Miguel Ângelo da Silva Rocha (born 10 November 1994), known as Xeka (), is a Portuguese professional footballer who plays as a midfielder for Ligue 1 club Rennes.

Formed at Braga, he spent most of his career in France, playing for Lille, Dijon and Rennes in Ligue 1 and winning the league with the first of those teams in 2020–21 while making 145 total appearances.

Club career

Braga
Born in Rebordosa, Paredes, Xeka received his nickname from his grandfather for being the youngest of his siblings, just like him. He played youth football with three clubs, including Valencia CF from Spain until the age of 17. Having returned to his homeland, he started playing as a senior with S.C. Braga's reserves in the Segunda Liga, being then loaned for two years to S.C. Covilhã of the same league. On 23 September 2013, whilst at the service of the former side, he scored his first goal in competition, but in a 1–3 home loss against S.L. Benfica B.

Xeka started being called to Braga's first team in October 2016, by manager José Peseiro. He made his debut in the Primeira Liga late in that month, featuring the full 90 minutes in a 1–0 home win over G.D. Chaves. His fortunes changed, however, when Jorge Simão became the new coach before the end of the year.

Lille
On 31 January 2017, Xeka was loaned to Lille OSC from Ligue 1 until June. He made his debut four days later as a starter in a 1–0 home loss to FC Lorient. He made 13 appearances for the 12th-place team and scored in a 3–0 win at Montpellier HSC on 29 April, assisted by compatriot Rony Lopes.

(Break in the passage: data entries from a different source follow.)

lemma nn_integral_exp_neg_l1_le:
  fixes v :: real assumes v: "v > 0"
  shows "(\<integral>\<^sup>+ x. ennreal (exp (- v * (\<Sum>b\<in>Basis. \<bar>x \<bullet> b\<bar>))) \<partial>(lborel :: 'a::euclidean_space measure))
     \<le> ennreal ((2 / v) ^ DIM('a))"
proof -
  have "(\<integral>\<^sup>+ x. ennreal (exp (- v * (\<Sum>b\<in>Basis. \<bar>x \<bullet> b\<bar>))) \<partial>(lborel :: 'a measure))
      = (\<integral>\<^sup>+ x. (\<Prod>b\<in>Basis. ennreal (exp (- v * \<bar>x \<bullet> b\<bar>))) \<partial>(lborel :: 'a measure))"
    by (simp add: sum_distrib_left exp_sum prod_ennreal)
  also have "\<dots> = (\<Prod>b\<in>(Basis::'a set). \<integral>\<^sup>+ t. ennreal (exp (- v * \<bar>t\<bar>)) \<partial>lborel)"
    by (rule nn_integral_lborel_prod) auto
  also have "\<dots> \<le> ennreal (2 / v) ^ DIM('a)"
    unfolding prod_constant using v by (intro power_mono nn_integral_exp_neg_abs_le) auto
  also have "\<dots> = ennreal ((2 / v) ^ DIM('a))"
    using v by (simp add: ennreal_power)
  finally show ?thesis .
qed

lemma powr_neg_mult_exp_neg_inverse_le:
  fixes \<mu> B s :: real
  assumes "\<mu> > 0" "B > 0" "s > 0"
  shows "s powr (- \<mu>) * exp (- B / s) \<le> exp (\<mu> * (ln \<mu> - 1)) * B powr (- \<mu>)"
proof -
  have "(B / s) powr \<mu> \<le> exp (\<mu> * (ln \<mu> - 1)) * exp (B / s)"
    using powr_le_const_mult_exp[of \<mu> 1 "B / s"] assms by simp
  moreover have "(B / s) powr \<mu> = B powr \<mu> * s powr (- \<mu>)"
    using assms by (subst powr_divide) (auto simp: powr_minus_divide)
  ultimately show ?thesis
    using assms by (simp add: powr_minus exp_minus field_simps)
qed

lemma nn_integral_powr_neg_mult_exp_neg_inverse_le:
  fixes \<mu> B :: real
  assumes \<mu>: "\<mu> > 1" and B: "B > 0"
  shows "(\<integral>\<^sup>+ s. ennreal (indicator {0<..} s * (s powr (- \<mu>) * exp (- B / s))) \<partial>lborel)
     \<le> ennreal ((exp (\<mu> * (ln \<mu> - 1)) + 1 / (\<mu> - 1)) * B powr (1 - \<mu>))"
proof -
  define E where "E = exp (\<mu> * (ln \<mu> - 1))"
  have E: "E > 0" unfolding E_def by simp
  have near_zero: "(\<integral>\<^sup>+ s. ennreal (indicator {0..B} s * (E * B powr (- \<mu>))) \<partial>lborel)
      = ennreal (E * B powr (1 - \<mu>))"
    using nn_integral_has_integral_lebesgue[OF _ has_integral_const_real[of "E * B powr (- \<mu>)" 0 B]] B E
    by (simp add: powr_diff powr_minus field_simps)
  have tail: "(\<integral>\<^sup>+ s. ennreal (indicator {B..} s * s powr (- \<mu>)) \<partial>lborel)
      = ennreal (B powr (1 - \<mu>) / (\<mu> - 1))"
    using nn_integral_has_integral_lebesgue[OF _ has_integral_powr_to_inf[of "- \<mu>" B]] \<mu> B
    by (simp add: field_simps)
  have "(\<integral>\<^sup>+ s. ennreal (indicator {0<..} s * (s powr (- \<mu>) * exp (- B / s))) \<partial>lborel)
     \<le> (\<integral>\<^sup>+ s. ennreal (indicator {0..B} s * (E * B powr (- \<mu>)))
          + ennreal (indicator {B..} s * s powr (- \<mu>)) \<partial>lborel)"
  proof (intro nn_integral_mono)
    fix s :: real
    have "s powr (- \<mu>) * exp (- B / s) \<le> E * B powr (- \<mu>)" if "s > 0"
      unfolding E_def using powr_neg_mult_exp_neg_inverse_le[of \<mu> B s] \<mu> B that by simp
    moreover have "s powr (- \<mu>) * exp (- B / s) \<le> s powr (- \<mu>)" if "s > 0"
      using B that by (simp add: mult_left_le)
    ultimately have "indicator {0<..} s * (s powr (- \<mu>) * exp (- B / s))
        \<le> indicator {0..B} s * (E * B powr (- \<mu>)) + indicator {B..} s * s powr (- \<mu>)"
      using E by (cases "s \<le> B") (auto simp: indicator_def intro: add_increasing add_increasing2)
    then show "ennreal (indicator {0<..} s * (s powr (- \<mu>) * exp (- B / s)))
        \<le> ennreal (indicator {0..B} s * (E * B powr (- \<mu>))) + ennreal (indicator {B..} s * s powr (- \<mu>))"
      using E by (simp add: ennreal_leI flip: ennreal_plus)
  qed
  also have "\<dots> = ennreal (E * B powr (1 - \<mu>)) + ennreal (B powr (1 - \<mu>) / (\<mu> - 1))"
    using near_zero tail by (subst nn_integral_add) auto
  also have "\<dots> = ennreal ((E + 1 / (\<mu> - 1)) * B powr (1 - \<mu>))"
    using E \<mu> by (simp add: distrib_right flip: ennreal_plus)
  finally show ?thesis unfolding E_def .
qed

In June 2017, Lille exercised the €5 million buyout clause to make Xeka's move permanent. In the last hours of the summer transfer window, he joined Dijon FCO in the same league in a season-long loan. He became a regular under Christophe Galtier at the Stade Pierre-Mauroy the following year, but suffered a thigh injury in a 5–1 home victory over Paris Saint-Germain F.C. on 14 April 2019, ruling him out until September.

Xeka contributed 33 matches and one goal during the 2020–21 campaign to help Lille win the national championship for the fourth time in their history. On 1 August 2021, he scored in the 1–0 defeat of PSG in the Trophée des Champions, with the club winning that trophy for the first time ever.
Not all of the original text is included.